Learn Forex Trading


Foreign currency exchange is a vital transaction that allows for the global economy to continually function. Trading of currencies is particularly important for one country to buy goods and services available in another country. It is also essential for companies and individuals to have foreign currencies so that they can invest in entities found in other countries. They should first get hold of the currency of the country that they will be doing business with. The current norm is that exporters and other players who make their products and services available to overseas clients prefer to be paid either in the currency of their own country or in US dollars, a currency that is globally accepted. For example, when the Philippines, a country that does not have oil reserves, exports oil from Saudi Arabia, it pays Saudi oil companies in American dollars, not in Saudi riyals or Philippine pesos.

All these transactions happen in the foreign currency exchange market, otherwise known as the forex or FX market. This market is where exchange rates or the value of one currency in terms of another is determined. Not to be mistaken as a physical building, the forex market is a global network of foreign currency traders. They are linked together by computers and telephone lines and do not actually report to a headquarters or central office. Majority of FX transactions are done in three trading centers - the United States, the United Kingdom and Japan, with markets in Switzerland, France, Singapore, Hong Kong, Germany and Australia also contributing to the transactions in this market. There is no downtime in this market, as once the Hong Kong and Singapore markets are about to close, the ones in Frankfurt and London are just about to open. Once the European markets are about to call it a day, trading in New York has already began. Once the American markets are going to close, it will be a new day again in Asian markets.
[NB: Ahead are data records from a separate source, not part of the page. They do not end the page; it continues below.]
(* Fix $m\ge 1$. For every constant $c>2$, \[\liminf_{n\to\infty}\left\|OST_{m,n}^{\,n\log n-n\log\log n-cn}-U_{m,n}\right\|_{TV}\geq 1-\frac{\pi^2}{6(c-2)^2}.\]
   Context: Let $\xi$ be a primitive $m$-th root of unity and $[n]=\{1,\dots,n\}$. The generalized symmetric group $G_{m,n}$ is the set of tuples $(\xi^{k_1},\dots,\xi^{k_n},\sigma)$ with $k_i\in\mathbb{Z}_m$, $\sigma\in S_n$, with multiplication $(\xi^{k_1},\dots,\xi^{k_n},\sigma)(\xi^{k_1'},\dots,\xi^{k_n'},\sigma')=(\xi^{k_1}\xi^{k'_{\sigma(1)}},\dots,\xi^{k_n}\xi^{k'_{\sigma(n)}},\sigma\sigma')$. For $1\le i\le j\le n$, $k\in\mathbb{Z}_m$, let $g_{i,j,k}$ have permutation part the transposition $(ij)$ (identity if $i=j$) and tuple with $\xi^k$ in positions $i$ and $j$ and $1$ elsewhere. $OST_{m,n}$ is the law of $g_{i,j,k}$ with $j$ uniform on $[n]$, then $i$ uniform on $[j]$, $k$ uniform on $\mathbb{Z}_m$ independently (probability $\frac{1}{njm}$ per triple). $OST^t_{m,n}$ is its $t$-fold convolution power (exponents are understood as integers, e.g. rounded). $U_{m,n}$ is the uniform distribution on $G_{m,n}$ and $\|P-Q\|_{TV}=\frac12\sum_g|P(g)-Q(g)|$. *)

theory Defs
  imports "HOL-Analysis.Analysis" "HOL-Combinatorics.Permutations" "HOL-Combinatorics.Transposition"
begin

text \<open>Elements of the generalized symmetric group G_{m,n} are encoded as pairs (k, sigma),
  where k i in {0..m-1} is the exponent of the root of unity at position i (for i in [n];
  k i = 0 outside [n]) and sigma is a permutation of [n] = {1..n}.\<close>

type_synonym gsg = "(nat \<Rightarrow> nat) \<times> (nat \<Rightarrow> nat)"

definition G :: "nat \<Rightarrow> nat \<Rightarrow> gsg set" where
  "G m n = {(k, \<sigma>). \<sigma> permutes {1..n} \<and>
      (\<forall>i. (i \<in> {1..n} \<longrightarrow> k i < m) \<and> (i \<notin> {1..n} \<longrightarrow> k i = 0))}"

text \<open>(xi^k_1..xi^k_n, sigma)(xi^k'_1..xi^k'_n, sigma') =
  (xi^(k_1 + k'_(sigma 1)), ..., sigma o sigma').\<close>
definition gmult :: "nat \<Rightarrow> nat \<Rightarrow> gsg \<Rightarrow> gsg \<Rightarrow> gsg" where
  "gmult m n a b = ((\<lambda>i. if i \<in> {1..n} then (fst a i + fst b (snd a i)) mod m else 0),
                    snd a \<circ> snd b)"

definition gone :: gsg where
  "gone = ((\<lambda>i. 0), id)"

definition gen :: "nat \<Rightarrow> nat \<Rightarrow> nat \<Rightarrow> gsg" where
  "gen i j k = ((\<lambda>l. if l = i \<or> l = j then k else 0), Transposition.transpose i j)"

definition OST :: "nat \<Rightarrow> nat \<Rightarrow> gsg \<Rightarrow> real" where
  "OST m n g = (\<Sum>j\<in>{1..n}. \<Sum>i\<in>{1..j}. \<Sum>k\<in>{..<m}.
       (if g = gen i j k then 1 / (real n * real j * real m) else 0))"

definition conv :: "nat \<Rightarrow> nat \<Rightarrow> (gsg \<Rightarrow> real) \<Rightarrow> (gsg \<Rightarrow> real) \<Rightarrow> gsg \<Rightarrow> real" where
  "conv m n P Q g = (\<Sum>a\<in>G m n. \<Sum>b\<in>G m n. if gmult m n a b = g then P a * Q b else 0)"

fun conv_pow :: "nat \<Rightarrow> nat \<Rightarrow> (gsg \<Rightarrow> real) \<Rightarrow> nat \<Rightarrow> gsg \<Rightarrow> real" where
  "conv_pow m n P 0 = (\<lambda>g. if g = gone then 1 else 0)"
| "conv_pow m n P (Suc t) = conv m n (conv_pow m n P t) P"

definition unif :: "nat \<Rightarrow> nat \<Rightarrow> gsg \<Rightarrow> real" where
  "unif m n g = (if g \<in> G m n then 1 / real (card (G m n)) else 0)"

definition tv :: "nat \<Rightarrow> nat \<Rightarrow> (gsg \<Rightarrow> real) \<Rightarrow> (gsg \<Rightarrow> real) \<Rightarrow> real" where
  "tv m n P Q = (1/2) * (\<Sum>g\<in>G m n. \<bar>P g - Q g\<bar>)"

end

theory Submission
  imports Defs "HOL-Real_Asymp.Real_Asymp"
begin

text \<open>If no generator of the walk involves position \<open>p\<close> (as \<open>i\<close> or \<open>j\<close>), the product fixes \<open>p\<close>
  with trivial root of unity there, and under the uniform law the elements doing this for some \<open>p\<close>
  in a set \<open>S\<close> have mass at most \<open>|S|/n\<close>. Take for \<open>S\<close> the top \<open>L = n / ln n\<close> positions. A step
  hits a given one of them with probability about \<open>(1 + 1 / ln n) / n\<close>, so after
  \<open>n ln n - n ln ln n - c n\<close> steps the expected number of untouched positions in \<open>S\<close> is about
  \<open>e^(c-1)\<close>; hits of distinct positions are nearly independent, so by the second-moment method
  all of \<open>S\<close> is hit with probability at most \<open>e^(1-c) + o(1)\<close>. Hence the distance is at least
  \<open>1 - e^(1-c) - o(1)\<close>, and \<open>e^(1-c) < \<pi>\<^sup>2 / (6 (c - 2)\<^sup>2)\<close>.\<close>

lemma gmult_in_G:
  assumes "m \<ge> 1" "a \<in> G m n" "b \<in> G m n"
  shows "gmult m n a b \<in> G m n"
  using assms permutes_compose by (auto simp: gmult_def G_def split: prod.splits)

lemma gone_in_G: "m \<ge> 1 \<Longrightarrow> gone \<in> G m n"
  by (auto simp: gone_def G_def permutes_id)

lemma gen_in_G:
  assumes "1 \<le> i" "i \<le> j" "j \<le> n" "k < m"
  shows "gen i j k \<in> G m n"
  using assms permutes_swap_id[of i "{1..n}" j] by (auto simp: gen_def G_def)

lemma finite_G: "finite (G m n)"
proof (rule finite_subset)
  show "G m n \<subseteq> {k. \<forall>i. (i \<in> {1..n} \<longrightarrow> k i \<in> {..<m}) \<and> (i \<notin> {1..n} \<longrightarrow> k i = 0)}
                  \<times> {\<sigma>. \<sigma> permutes {1..n}}"
    by (auto simp: G_def)
qed (intro finite_cartesian_product finite_set_of_finite_funs finite_permutations; simp)

lemma card_G_gt_0: "m \<ge> 1 \<Longrightarrow> card (G m n) > 0"
  using finite_G gone_in_G card_gt_0_iff by blast

definition words :: "'a set \<Rightarrow> nat \<Rightarrow> 'a list set" where
  "words X t = {xs. set xs \<subseteq> X \<and> length xs = t}"

lemma words_0 [simp]: "words X 0 = {[]}"
  by (auto simp: words_def)

lemma words_Suc: "words X (Suc t) = (\<lambda>(x, xs). x # xs) ` (X \<times> words X t)"
  by (auto simp: words_def length_Suc_conv image_iff)

lemma sum_words_Suc: "(\<Sum>ys\<in>words X (Suc t). f ys) = (\<Sum>x\<in>X. \<Sum>xs\<in>words X t. f (x # xs))"
proof -
  have "inj_on (\<lambda>(x, xs). x # xs) (X \<times> words X t)"
    by (auto simp: inj_on_def)
  then show ?thesis
    by (simp add: words_Suc sum.reindex sum.cartesian_product split_def)
qed

lemma sum_words_prod_list:
  fixes f :: "'a \<Rightarrow> 'b::comm_semiring_1"
  shows "(\<Sum>xs\<in>words X t. prod_list (map f xs)) = sum f X ^ t"
proof (induction t)
  case (Suc t)
  have "(\<Sum>xs\<in>words X (Suc t). prod_list (map f xs))
      = (\<Sum>x\<in>X. f x * (\<Sum>xs\<in>words X t. prod_list (map f xs)))"
    by (simp add: sum_words_Suc sum_distrib_left)
  also have "\<dots> = sum f X ^ Suc t"
    by (simp add: Suc.IH sum_distrib_right)
  finally show ?case .
qed simp

lemma sum_words_prob_all:
  fixes w :: "'a \<Rightarrow> real"
  shows "(\<Sum>xs\<in>words X t. prod_list (map w xs) * of_bool (\<forall>x\<in>set xs. P x))
       = (\<Sum>x\<in>X. w x * of_bool (P x)) ^ t"
proof -
  have "prod_list (map w xs) * of_bool (\<forall>x\<in>set xs. P x) = prod_list (map (\<lambda>x. w x * of_bool (P x)) xs)"
    for xs by (induction xs) auto
  then show ?thesis
    by (simp add: sum_words_prod_list)
qed

lemma second_moment_method:
  fixes w U :: "'a \<Rightarrow> real"
  assumes w: "\<And>x. x \<in> W \<Longrightarrow> w x \<ge> 0" "sum w W = 1"
    and \<mu>: "(\<Sum>x\<in>W. w x * U x) = \<mu>" "\<mu> \<noteq> 0"
  shows "(\<Sum>x\<in>W. w x * of_bool (U x = 0)) \<le> (\<Sum>x\<in>W. w x * (U x)\<^sup>2) / \<mu>\<^sup>2 - 1"
proof -
  have "(\<Sum>x\<in>W. w x * of_bool (U x = 0)) * \<mu>\<^sup>2 \<le> (\<Sum>x\<in>W. w x * (U x - \<mu>)\<^sup>2)"
    unfolding sum_distrib_right using w(1) by (intro sum_mono) auto
  also have "\<dots> = (\<Sum>x\<in>W. w x * (U x)\<^sup>2) - 2 * \<mu> * (\<Sum>x\<in>W. w x * U x) + \<mu>\<^sup>2 * sum w W"
    by (simp add: power2_diff algebra_simps sum.distrib sum_subtractf sum_distrib_left sum_distrib_right)
  also have "\<dots> = (\<Sum>x\<in>W. w x * (U x)\<^sup>2) - \<mu>\<^sup>2"
    using \<mu>(1) w(2) by (simp add: power2_eq_square)
  finally show ?thesis
    using \<mu>(2) by (simp add: field_simps)
qed

lemma sum_words_count_avoided:
  fixes w :: "'a \<Rightarrow> real"
  shows "(\<Sum>xs\<in>words X t. prod_list (map w xs) * (\<Sum>p\<in>S. of_bool (\<forall>x\<in>set xs. \<not> T p x)))
       = (\<Sum>p\<in>S. (\<Sum>x\<in>X. w x * of_bool (\<not> T p x)) ^ t)"
  unfolding sum_distrib_left by (subst sum.swap) (simp add: sum_words_prob_all)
The foreign exchange currency trading market is as extensive as it is fast-paced. Trading is so enormous that it is estimated that if every person were to trade in the forex market, he would be trading at least $200 every day. There are usually four kinds of entities that participate in the FX market - banks that buy and sell currencies with each other and rake up profits in this manner, brokers that charge commissions and act as the go-betweens among banks, central banks that represent the interests of their governments, and customers that require foreign currencies to conduct their business properly.